Le président de la firme de génie-conseil Génius, Michel Lalonde, a affirmé lundi avoir versé un total d'environ 278 000$ en espèces pour financer des campagnes électorales dans des arrondissements de Montréal et dans plusieurs municipalités de banlieue où son entreprise obtenait des contrats, entre 2001 et 2009.

Ces sommes s'ajoutent aux quelque 300 000$ qu'il affirme avoir versés à Union Montréal, parti de l'ex-maire Gérald Tremblay, en payant notamment une commission de 3% sur une dizaine de contrats d'infrastructures obtenus de la Ville de Montréal entre 2005 et 2009.

Le PDG de Génius, autrefois connue sous le nom de Groupe Séguin, a affirmé hier à la commission Charbonneau que «dans tous les endroits où on était présents, on a toujours été sollicités pour les campagnes électorales» - que ce soit pour les élections à Montréal, dans ses arrondissements ou en banlieue nord de la métropole.

En déballant la liste des versements en argent qu'il a faits en vue des élections de 2001, 2005 et 2009, M. Lalonde a aussi directement mis en cause plusieurs élus municipaux en fonction, dont Hubert Meilleur, maire de Mirabel, et Patrick Thifaut, conseiller municipal de Boisbriand.

Presque toutes ces contributions politiques illégales (voir la liste) étaient versées en argent comptant.
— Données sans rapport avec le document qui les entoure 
(* Let $\lambda\in(0,1)$ and let $C>0$ be a constant. Assume $1<p<\frac{1}{1-\lambda}$ and define $q$ by $\frac{1}{q}=\frac{1}{p}-(1-\lambda)$. Then there is a constant $K$ (independent of $N$ and $f$) such that for all $N\in\mathbb{N}$ and all $f\in\ell^p(\mathbb{Z})$, $$\sup_{0<\alpha\leq CN^{-1/q}\|f\|_p} \alpha^{q}\,\big|\{x\in\mathbb{Z};\ J_{\lambda,N} f(x)>\alpha\}\big| \leq K\|f\|^q_p,$$ where $J_{\lambda,N} f(x)=\sum_{r\leq N,\ r \text{ prime}}\frac{f(x-r)}{r^{\lambda}}\log r$ and $|\cdot|$ denotes cardinality.
   Context: For $f:\mathbb{Z}\to\mathbb{R}$, $\|f\|_p$ denotes the $\ell^p(\mathbb{Z})$-norm. $\log$ is the natural logarithm. *)

theory Defs
  imports "HOL-Analysis.Analysis" "HOL-Computational_Algebra.Primes"
begin

definition in_lp :: "real \<Rightarrow> (int \<Rightarrow> real) \<Rightarrow> bool" where
  "in_lp p f \<longleftrightarrow> (\<lambda>x. \<bar>f x\<bar> powr p) summable_on UNIV"

definition lp_norm :: "real \<Rightarrow> (int \<Rightarrow> real) \<Rightarrow> real" where
  "lp_norm p f = (\<Sum>\<^sub>\<infinity>x. \<bar>f x\<bar> powr p) powr (1 / p)"

definition J_op :: "real \<Rightarrow> nat \<Rightarrow> (int \<Rightarrow> real) \<Rightarrow> int \<Rightarrow> real" where
  "J_op lam N f x = (\<Sum>r\<in>{r. prime r \<and> r \<le> N}. f (x - int r) / (real r powr lam) * ln (real r))"

end

theory Submission
  imports Defs
begin

text \<open>
  J_op f is the convolution of f with the kernel r powr (- lam) * ln r supported on the primes
  r \<le> N, whose l^1 mass weighted_theta lam N is O(N powr (1 - lam)): the primes in
  (n - n div 2, n] divide (n choose n div 2) \<le> 2 ^ n, so this block contributes
  O(n powr (1 - lam)), and the blocks shrink geometrically.  Young's inequality l^1 * l^p \<subseteq> l^p
  together with Chebyshev's inequality gives
  \<alpha> powr p * |{J_op f > \<alpha>}| \<le> (c * N powr (1 - lam) * \<parallel>f\<parallel>_p) powr p.
  For \<alpha> \<le> C * N powr (-1/q) * \<parallel>f\<parallel>_p the extra factor \<alpha> powr (q - p) cancels the power of N
  exactly, because (1 - lam) * p = 1 - p / q.
\<close>

lemma prod_primes_dvd:
  fixes n :: nat
  assumes "finite S" "\<And>p. p \<in> S \<Longrightarrow> prime p \<and> p dvd n"
  shows "\<Prod>S dvd n"
  using assms
proof (induction S rule: finite_induct)
  case empty
  then show ?case by simp
next
  case (insert x F)
  have "\<not> x dvd \<Prod>F"
  proof
    assume "x dvd \<Prod>F"
    then obtain y where "y \<in> F" "x dvd y"
      using prime_dvd_prod_iff[of F x id] insert by auto
    then show False
      using insert primes_dvd_imp_eq[of x y] by auto
  qed
  then have "coprime x (\<Prod>F)"
    using insert by (intro prime_imp_coprime) auto
  then have "x * \<Prod>F dvd n"
    using insert by (intro divides_mult) auto
  then show ?case
    using insert by simp
qed

lemma prime_dvd_binomial:
  fixes n k p :: nat
  assumes "prime p" "k < p" "n - k < p" "p \<le> n"
  shows "p dvd n choose k"
proof -
  have "fact k * fact (n - k) * (n choose k) = (fact n :: nat)"
    using assms by (intro binomial_fact_lemma) simp
  moreover have "p dvd (fact n :: nat)" "\<not> p dvd (fact k :: nat)" "\<not> p dvd (fact (n - k) :: nat)"
    using assms by (simp_all add: prime_dvd_fact_iff)
  ultimately show ?thesis
    using assms(1) by (metis prime_dvd_mult_iff)
qed

lemma sum_ln_primes_upper_half_le:
  fixes n :: nat
  shows "(\<Sum>p | prime p \<and> n - n div 2 < p \<and> p \<le> n. ln (real p)) \<le> real n * ln 2"
proof -
  let ?M = "{p. prime p \<and> n - n div 2 < p \<and> p \<le> n}"
  have fin: "finite ?M"
    by (rule finite_subset[of _ "{..n}"]) auto
  have "\<Prod>?M dvd n choose (n div 2)"
  proof (rule prod_primes_dvd[OF fin])
    fix p assume "p \<in> ?M"
    moreover have "n div 2 \<le> n - n div 2"
      by presburger
    ultimately show "prime p \<and> p dvd n choose (n div 2)"
      by (simp add: prime_dvd_binomial)
  qed
  then have "\<Prod>?M \<le> n choose (n div 2)"
    by (rule dvd_imp_le) simp
  also have "\<dots> \<le> 2 ^ n"
    by (rule binomial_le_pow2)
  finally have "real (\<Prod>?M) \<le> real (2 ^ n)"
    by (rule of_nat_mono)
  then have bound: "(\<Prod>p\<in>?M. real p) \<le> 2 ^ n"
    by simp
  have pos: "0 < (\<Prod>p\<in>?M. real p)"
    by (intro prod_pos) (auto dest: prime_gt_0_nat)
  have "(\<Sum>p\<in>?M. ln (real p)) = ln (\<Prod>p\<in>?M. real p)"
    by (rule ln_prod[OF fin, symmetric]) (auto dest: prime_gt_0_nat)
  also have "\<dots> \<le> ln (2 ^ n)"
    using pos bound by simp
  also have "\<dots> = real n * ln 2"
    by (simp add: ln_realpow)
  finally show ?thesis .
qed

text \<open>For lam = 0 this is Chebyshev's function \<theta>; in general it is the l^1 mass of the kernel of J_op.\<close>

definition weighted_theta :: "real \<Rightarrow> nat \<Rightarrow> real" where
  "weighted_theta lam n = (\<Sum>r | prime r \<and> r \<le> n. ln (real r) / real r powr lam)"

lemma weighted_theta_nonneg: "0 \<le> weighted_theta lam n"
  unfolding weighted_theta_def by (intro sum_nonneg) (auto dest: prime_gt_0_nat)

lemma weighted_theta_le_half:
  fixes n :: nat and lam :: real
  assumes "0 \<le> lam" "1 \<le> n"
  shows "weighted_theta lam n
    \<le> weighted_theta lam (n - n div 2) + 2 powr lam * ln 2 * real n powr (1 - lam)"
proof -
  define h where "h = n - n div 2"
  define M where "M = {p. prime p \<and> h < p \<and> p \<le> n}"
  have h: "real n / 2 \<le> real h" "0 < real h"
    using assms(2) by (auto simp: h_def)
  have split: "{r. prime r \<and> r \<le> n} = {r. prime r \<and> r \<le> h} \<union> M"
    by (auto simp: M_def h_def)
  have "(\<Sum>p\<in>M. ln (real p) / real p powr lam) \<le> (\<Sum>p\<in>M. ln (real p) / real h powr lam)"
  proof (intro sum_mono divide_left_mono)
    fix p assume "p \<in> M"
    then show "0 \<le> ln (real p)" "real h powr lam \<le> real p powr lam"
      "0 < real p powr lam * real h powr lam"
      using assms(1) h prime_gt_0_nat by (auto simp: M_def intro: powr_mono2)
  qed
  also have "\<dots> = (\<Sum>p\<in>M. ln (real p)) / real h powr lam"
    by (simp add: sum_divide_distrib)
  also have "\<dots> \<le> real n * ln 2 / (real n / 2) powr lam"
    using sum_ln_primes_upper_half_le[of n] h assms(1)
    by (intro frac_le powr_mono2) (auto simp: M_def h_def)
  also have "\<dots> = 2 powr lam * ln 2 * real n powr (1 - lam)"
    by (simp add: powr_divide powr_diff)
  finally show ?thesis
    unfolding weighted_theta_def split
    by (subst sum.union_disjoint) (auto simp: M_def h_def)
qed

lemma weighted_theta_le_powr:
  fixes lam :: real
  assumes "0 \<le> lam" "lam < 1"
  obtains c where "\<And>n. weighted_theta lam n \<le> c * real n powr (1 - lam)"
proof
  define a where "a = 1 - lam"
  define b where "b = 2 powr lam * ln 2"
  define t where "t = (2/3 :: real) powr a"
  define c where "c = b / (1 - t)"
  have t: "t < 1"
    using assms powr_less_mono2[of a "2/3" 1] by (simp add: a_def t_def)
  have c: "0 \<le> c" "c * t + b = c"
  proof -
    show "0 \<le> c"
      using t by (simp add: c_def b_def)
    have "c * (1 - t) = b"
      using t by (simp add: c_def)
    then show "c * t + b = c"
      by (simp add: algebra_simps)
  qed
  show "weighted_theta lam n \<le> c * real n powr (1 - lam)" for n
    unfolding a_def[symmetric]
  proof (induction n rule: less_induct)
    case (less n)
    show ?case
    proof (cases "n \<le> 1")
      case True
      then have "{r. prime r \<and> r \<le> n} = {}"
        by (auto dest: prime_ge_2_nat)
      then have "weighted_theta lam n = 0"
        unfolding weighted_theta_def by (simp only: sum.empty)
      then show ?thesis
        using c by simp
    next
      case False
      define h where "h = n - n div 2"
      have "h < n" "3 * h \<le> 2 * n"
        using False unfolding h_def by linarith+
      then have h: "h < n" "real h \<le> 2/3 * real n"
        by simp_all
      have "weighted_theta lam n \<le> weighted_theta lam h + b * real n powr a"
        using weighted_theta_le_half[of lam n] assms(1) False by (simp add: a_def b_def h_def)
      also have "\<dots> \<le> c * real h powr a + b * real n powr a"
        using less.IH[OF h(1)] by simp
      also have "\<dots> \<le> c * (2/3 * real n) powr a + b * real n powr a"
        using c h assms by (intro add_right_mono mult_left_mono powr_mono2) (auto simp: a_def)
      also have "\<dots> = (c * t + b) * real n powr a"
        unfolding t_def powr_mult by (simp add: algebra_simps)
      finally show ?thesis
        using c by simp
    qed
  qed
qed

lemma convex_on_powr_nonneg:
  fixes p :: real
  assumes "1 \<le> p"
  shows "convex_on {0..} (\<lambda>x. x powr p)"
proof (rule convex_on_linorderI)
  fix t x y :: real
  assume t: "0 < t" "t < 1" and xy: "x \<in> {0..}" "y \<in> {0..}" "x < y"
  show "((1 - t) *\<^sub>R x + t *\<^sub>R y) powr p \<le> (1 - t) * x powr p + t * y powr p"
  proof (cases "x = 0")
    case True
    have "((1 - t) *\<^sub>R x + t *\<^sub>R y) powr p = t powr p * y powr p"
      using True t xy by (simp add: powr_mult)
    also have "\<dots> \<le> t * y powr p"
      using powr_le_one_le[of t p] t assms by (intro mult_right_mono) auto
    finally show ?thesis
      using True by simp
  next
    case False
    then show ?thesis
      using convex_onD[OF powr_convex[OF assms]] t xy by auto
  qed
qed simp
Les enveloppes bourrées de billets changeaient de main dans les bureaux du Groupe Séguin, au cours de rencontres furtives au restaurant ou dans des stationnements. M. Lalonde a affirmé hier qu'il aurait même livré un paiement à l'ex-maire de l'arrondissement de Rivière-des-Prairies-Pointe-aux-Trembles Cosmo Maciocia, à ses bureaux de l'hôtel de ville de Montréal.

Des élus montrés du doigt

M. Lalonde affirme que c'est au cours des élections municipales de 2005 qu'il a payé sa plus importante contribution politique. Le maire Maciocia aurait pris contact avec lui et aurait affirmé qu'il avait «besoin de lui» pour sa réélection; il lui aurait demandé une contribution de 60 000$ pour financer sa campagne électorale. Selon l'ingénieur, M. Maciocia aurait indiqué qu'il avait demandé la même somme à la firme d'ingénieurs Dessau, qui avait aussi de nombreux contrats dans cet arrondissement de l'est de Montréal.

En banlieue, dans la majorité des cas, les paiements étaient remis en mains propres à des maires en fonction ou à des candidats à la mairie.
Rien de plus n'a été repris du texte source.